The key model performance indices for the models using different oversampling techniques and no oversampling are presented in Figures 1-2 (Figures 1-2 in Multimedia Appendix 2) and Table S4 in Multimedia Appendix 1. For all the outcomes studied, models trained with random oversampling had similar AUC values to models trained with no oversampling, models trained with SMOTE-NC (k=3) had lower AUC values, and models trained with SMOTE-NC (k=5) had the lowest AUC. With regard to sensitivity, models trained with no oversampling had markedly lower sensitivity but higher PPVs. This indicates that models trained with no oversampling could not correctly identify patients with the outcomes of interest. This is further confirmed in our analysis of the confusion matrixes of these models trained. We observed that these models assigned almost all the patients as not cases (ie, did not have the outcomes the next year) and therefore were not useful. Models trained with no oversampling and SMOTE-NC (k=5) were not included in further analyses.

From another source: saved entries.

lemma Mset_integral_quadratic:
  assumes "M \<in> Mset \<mu> \<nu>"
  shows "(\<integral>q. a + b * q + c * q\<^sup>2 \<partial>M) = a + b * \<mu> + c * \<nu>"
proof -
  note M = MsetD[OF assms]
  have "integrable M (\<lambda>q. q)" "integrable M (\<lambda>q. q\<^sup>2)"
    by (auto intro!: integrable_unit_interval[OF M(2,3), of _ 1] simp: abs_square_le_1)
  moreover have "integrable M (\<lambda>q. a)"
    using M(2) by (rule finite_measure.integrable_const)
  ultimately have "(\<integral>q. a + b * q + c * q\<^sup>2 \<partial>M) =
      (\<integral>q. a \<partial>M) + b * (\<integral>q. q \<partial>M) + c * (\<integral>q. q\<^sup>2 \<partial>M)"
    by (simp add: Bochner_Integration.integral_add)
  then show ?thesis
    using M(1,5,6) by (simp add: prob_space.prob_space)
qed

lemma V_inf_le_quadratic:
  assumes "M \<in> Mset \<mu> \<nu>" "\<And>q. q \<in> {0..1} \<Longrightarrow> half_step q \<le> a + b * q + c * q\<^sup>2"
  shows "V_inf M \<le> a + b * \<mu> + c * \<nu>"
proof -
  note M = MsetD[OF assms(1)]
  have bound: "\<bar>a + b * q + c * q\<^sup>2\<bar> \<le> \<bar>a\<bar> + \<bar>b\<bar> + \<bar>c\<bar>" if "q \<in> {0..1}" for q
  proof -
    have "\<bar>b * q\<bar> \<le> \<bar>b\<bar>" "\<bar>c * q\<^sup>2\<bar> \<le> \<bar>c\<bar>"
      using that by (auto simp: abs_mult mult_left_le power_le_one)
    then show ?thesis by linarith
  qed
  have "V_inf M = (\<integral>q. half_step q \<partial>M)"
    by (rule V_inf_eq_integral[OF M(2,3)])
  also have "\<dots> \<le> (\<integral>q. a + b * q + c * q\<^sup>2 \<partial>M)"
  proof (rule integral_mono)
    show "integrable M half_step"
      by (rule integrable_half_step[OF M(2,3)])
    show "integrable M (\<lambda>q. a + b * q + c * q\<^sup>2)"
      using bound by (intro integrable_unit_interval[OF M(2,3)]) simp_all
  qed (use assms(2) M(4) in auto)
  also have "\<dots> = a + b * \<mu> + c * \<nu>"
    by (rule Mset_integral_quadratic[OF assms(1)])
  finally show ?thesis .
qed

lemma V_inf_half_quarter:
  assumes "M \<in> Mset (1/2) (1/4)"
  shows "V_inf M = 1/2"
proof -
  note M = MsetD[OF assms]
  \<comment> \<open>zero variance: \<open>M\<close> is the point mass at \<open>1/2\<close>\<close>
  have "(\<integral>q. (q - 1/2)\<^sup>2 \<partial>M) = (\<integral>q. 1/4 + (-1) * q + 1 * q\<^sup>2 \<partial>M)"
    by (simp add: power2_eq_square algebra_simps)
  also have "\<dots> = 0"
    using Mset_integral_quadratic[OF assms, of "1/4" "-1" 1] by simp
  finally have "(\<integral>q. (q - 1/2)\<^sup>2 \<partial>M) = 0" .
  moreover have "integrable M (\<lambda>q. (q - 1/2)\<^sup>2)"
    by (rule integrable_unit_interval[OF M(2,3), of _ 1]) (auto simp: abs_square_le_1)
  ultimately have "AE q in M. (q - 1/2)\<^sup>2 = 0"
    by (subst integral_nonneg_eq_0_iff_AE[symmetric]) auto
  then have "AE q in M. half_step q = 1/2"
    by (rule AE_mp) (auto intro!: AE_I2 simp: half_step_def)
  then have "(\<integral>q. half_step q \<partial>M) = (\<integral>q. 1/2 \<partial>M)"
    using borel_measurable_unit_interval[OF half_step_borel M(3)] by (intro integral_cong_AE) auto
  then show ?thesis
    using V_inf_eq_integral[OF M(2,3)] M(1) by (simp add: prob_space.prob_space)
qed

definition reflect_measure :: "real measure \<Rightarrow> real measure" where
  "reflect_measure M = distr M unit_interval (\<lambda>q. 1 - q)"

lemma
  assumes "M \<in> Mset \<mu> \<nu>"
  shows reflect_measure_Mset: "reflect_measure M \<in> Mset (1 - \<mu>) (1 - 2 * \<mu> + \<nu>)"
    and V_inf_reflect_measure: "V_inf (reflect_measure M) = 1 - V_inf M"
proof -
  note M = MsetD[OF assms]
  have reflect: "(\<lambda>q::real. 1 - q) \<in> M \<rightarrow>\<^sub>M unit_interval"
    using M(4) by (intro measurable_restrict_space2 borel_measurable_unit_interval[OF _ M(3)]) auto
  have sets: "sets (reflect_measure M) = sets unit_interval"
    by (simp add: reflect_measure_def)
  have prob: "prob_space (reflect_measure M)"
    unfolding reflect_measure_def by (rule prob_space.prob_space_distr[OF M(1) reflect])
  have integral: "(\<integral>q. f q \<partial>reflect_measure M) = (\<integral>q. f (1 - q) \<partial>M)"
    if "f \<in> borel_measurable borel" for f :: "real \<Rightarrow> real"
    unfolding reflect_measure_def
    by (rule integral_distr[OF reflect measurable_restrict_space1[OF that]])
  have "(\<integral>q. q \<partial>reflect_measure M) = 1 - \<mu>"
    using integral[of "\<lambda>q. q"] Mset_integral_quadratic[OF assms, of 1 "-1" 0] by simp
  moreover have "(\<integral>q. q\<^sup>2 \<partial>reflect_measure M) = 1 - 2 * \<mu> + \<nu>"
    using integral[of "\<lambda>q. q\<^sup>2"] Mset_integral_quadratic[OF assms, of 1 "-2" 1]
    by (simp add: power2_eq_square algebra_simps)
  ultimately show "reflect_measure M \<in> Mset (1 - \<mu>) (1 - 2 * \<mu> + \<nu>)"
    unfolding Mset_def using sets prob by blast
  have "V_inf (reflect_measure M) = (\<integral>q. half_step (1 - q) \<partial>M)"
    using V_inf_eq_integral[OF _ sets] prob integral[OF half_step_borel]
    by (simp add: prob_space_def)
  also have "\<dots> = (\<integral>q. 1 - half_step q \<partial>M)"
    using M(4) by (intro Bochner_Integration.integral_cong) (simp_all add: half_step_reflect)
  also have "\<dots> = 1 - V_inf M"
    using M(1,2) V_inf_eq_integral[OF M(2,3)] integrable_half_step[OF M(2,3)]
    by (simp add: Bochner_Integration.integral_diff finite_measure.integrable_const
        prob_space.prob_space)
  finally show "V_inf (reflect_measure M) = 1 - V_inf M" .
qed

lemma three_point_Mset:
  fixes x y z :: real
  assumes "distinct [x, y, z]" "{x, y, z} \<subseteq> {0..1}"
    and "0 \<le> wx" "0 \<le> wy" "0 \<le> wz" "wx + wy + wz = 1"
  shows "\<exists>M \<in> Mset (wx * x + wy * y + wz * z) (wx * x\<^sup>2 + wy * y\<^sup>2 + wz * z\<^sup>2).
    V_inf M = wx * half_step x + wy * half_step y + wz * half_step z"
proof -
  define p where "p = pmf_of_list [(x, wx), (y, wy), (z, wz)]"
  have wf: "pmf_of_list_wf [(x, wx), (y, wy), (z, wz)]"
    using assms by (auto intro!: pmf_of_list_wfI)
  have pmf: "pmf p x = wx" "pmf p y = wy" "pmf p z = wz"
    using assms(1) by (auto simp: p_def pmf_pmf_of_list[OF wf])
  have support: "set_pmf p \<subseteq> {x, y, z}"
    using set_pmf_of_list[OF wf] by (simp add: p_def)
  \<comment> \<open>clamping is the identity on the support; it only makes the map land in \<open>[0,1]\<close>\<close>
  define clamp :: "real \<Rightarrow> real" where "clamp q = max 0 (min 1 q)" for q
  define M where "M = distr (measure_pmf p) unit_interval clamp"
  have clamp: "clamp \<in> measure_pmf p \<rightarrow>\<^sub>M unit_interval"
    by (simp add: space_restrict_space clamp_def)
  have sets: "sets M = sets unit_interval"
    by (simp add: M_def)
  have prob: "prob_space M"
    unfolding M_def by (rule prob_space.prob_space_distr[OF prob_space_measure_pmf clamp])
  have integral: "(\<integral>q. f q \<partial>M) = wx * f x + wy * f y + wz * f z"
    if "f \<in> borel_measurable borel" for f :: "real \<Rightarrow> real"
  proof -
    have "(\<integral>q. f q \<partial>M) = (\<integral>q. f (clamp q) \<partial>measure_pmf p)"
      unfolding M_def by (rule integral_distr[OF clamp measurable_restrict_space1[OF that]])
    also have "\<dots> = (\<Sum>a\<in>{x, y, z}. f (clamp a) * pmf p a)"
      using support by (intro integral_measure_pmf_real) auto
    also have "\<dots> = wx * f x + wy * f y + wz * f z"
      using assms(1,2) pmf by (simp add: clamp_def)
    finally show ?thesis .
  qed
  show ?thesis
  proof
    show "M \<in> Mset (wx * x + wy * y + wz * z) (wx * x\<^sup>2 + wy * y\<^sup>2 + wz * z\<^sup>2)"
      unfolding Mset_def using sets prob integral[of "\<lambda>q. q"] integral[of "\<lambda>q. q\<^sup>2"] by simp
    show "V_inf M = wx * half_step x + wy * half_step y + wz * half_step z"
      using V_inf_eq_integral[OF _ sets] prob integral[OF half_step_borel]
      by (simp add: prob_space_def)
  qed
qed

lemma exists_V_inf_two_point:
  assumes "1/2 < b" "b < 1" "0 \<le> \<mu>" "\<mu> < 1/2" "\<mu>\<^sup>2 \<le> \<nu>" "\<nu> \<le> \<mu>/2"
  shows "\<exists>M \<in> Mset \<mu> \<nu>. V_inf M = (\<nu> - \<mu>\<^sup>2) / (\<nu> - \<mu>\<^sup>2 + (b - \<mu>)\<^sup>2)"
proof -
  \<comment> \<open>the two-point law on \<open>{a, b}\<close> with mean \<open>\<mu>\<close>; \<open>a\<close> is chosen to make its second moment \<open>\<nu>\<close>\<close>
  define a where "a = (\<mu> * b - \<nu>) / (b - \<mu>)"
  define wa where "wa = (b - \<mu>) / (b - a)"
  define wb where "wb = (\<mu> - a) / (b - a)"
  have gap: "0 < b - \<mu>"
    using assms(1,4) by simp
  have "\<mu> * (1/2) \<le> \<mu> * b"
    using assms(1,3) by (intro mult_left_mono) simp_all
  then have "\<nu> \<le> \<mu> * b"
    using assms(6) by simp
  then have a: "0 \<le> a" "a \<le> \<mu>"
    using gap assms(5) by (simp_all add: a_def divide_le_eq power2_eq_square algebra_simps)
  have a_eq: "a * (b - \<mu>) = \<mu> * b - \<nu>"
    using gap by (simp add: a_def)
  have ba: "0 < b - a"
    using a assms(1,4) by simp
  have w: "0 \<le> wa" "0 \<le> wb" "wa + wb + 0 = 1"
    using gap a ba by (simp_all add: wa_def wb_def add_divide_distrib[symmetric])
  have mean: "wa * a + wb * b + 0 * 1 = \<mu>"
    and "wa * a\<^sup>2 + wb * b\<^sup>2 = \<mu> * (a + b) - a * b"
    using ba by (simp_all add: wa_def wb_def divide_simps, simp_all add: power2_eq_square algebra_simps)
  then have second: "wa * a\<^sup>2 + wb * b\<^sup>2 + 0 * 1\<^sup>2 = \<nu>"
    using a_eq by (simp add: algebra_simps)
  have "\<mu> - a = (\<nu> - \<mu>\<^sup>2) / (b - \<mu>)" "b - a = (\<nu> - \<mu>\<^sup>2 + (b - \<mu>)\<^sup>2) / (b - \<mu>)"
    using gap by (simp_all add: a_def field_simps power2_eq_square)
  then have mass_above_half: "wb = (\<nu> - \<mu>\<^sup>2) / (\<nu> - \<mu>\<^sup>2 + (b - \<mu>)\<^sup>2)"
    using gap by (simp add: wb_def)
  show ?thesis
    using three_point_Mset[of a b 1 wa wb 0] a w assms(1,2,4) mean second mass_above_half
    by (simp add: half_step_unit_interval)
qed

lemma exists_V_inf_three_point:
  assumes "1/2 < b" "b < 1" "\<mu> * b \<le> \<nu>" "\<nu> \<le> \<mu>" "\<mu> + (\<mu> - \<nu>) / b \<le> 1"
  shows "\<exists>M \<in> Mset \<mu> \<nu>. V_inf M = \<mu> + (\<mu> - \<nu>) / b"
proof -
  define w0 where "w0 = 1 - \<mu> - (\<mu> - \<nu>) / b"
  define wb where "wb = (\<mu> - \<nu>) / b + (\<mu> - \<nu>) / (1 - b)"
  define w1 where "w1 = (\<nu> - \<mu> * b) / (1 - b)"
  have b: "b \<noteq> 0" "1 - b \<noteq> 0"
    using assms(1,2) by simp_all
  have moments: "w0 * 0 + wb * b + w1 * 1 = \<mu>" "w0 * 0\<^sup>2 + wb * b\<^sup>2 + w1 * 1\<^sup>2 = \<nu>"
    and mass_above_half: "wb + w1 = \<mu> + (\<mu> - \<nu>) / b"
    and total: "w0 + wb + w1 = 1"
    using b by (simp_all add: w0_def wb_def w1_def divide_simps, algebra+)
  have nonneg: "0 \<le> w0" "0 \<le> wb" "0 \<le> w1"
    using assms by (simp_all add: w0_def wb_def w1_def)
  show ?thesis
    using three_point_Mset[of 0 b 1 w0 wb w1] nonneg total assms(1,2) moments mass_above_half
    by (simp add: half_step_unit_interval)
qed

Figure 1. Comparing between different oversampling techniques to predict inpatient bed days. A. Predicting ≥7 inpatient bed days in subsequent year. B. Predicting ≥14 inpatient bed days in subsequent year. C. Predicting ≥30 inpatient bed days in subsequent year. AUC: area under the receiver operating characteristic curve; BART: Bayesian additive regression trees; KNN: k-nearest neighbor; MARS: multivariate adaptive regression splines; MLP: multilayer perceptron; PPV: positive predictive value; SMOTE-NC: synthetic minority oversampling technique-nominal continuous. A higher-resolution image of this figure is available in Multimedia Appendix 2.
Figure 2. Comparing between different oversampling techniques to predict emergency department visits. A. Predicting ≥3 emergency department visits in subsequent year. B. Predicting ≥5 emergency department visits in subsequent year. C. Predicting ≥10 emergency department visits in subsequent year. AUC: area under the receiver operating characteristic curve; BART: Bayesian additive regression trees; KNN: k-nearest neighbor; MARS: multivariate adaptive regression splines; MLP: multilayer perceptron; PPV: positive predictive value; SMOTE-NC: synthetic minority oversampling technique-nominal continuous. A higher-resolution image of this figure is available in Multimedia Appendix 2.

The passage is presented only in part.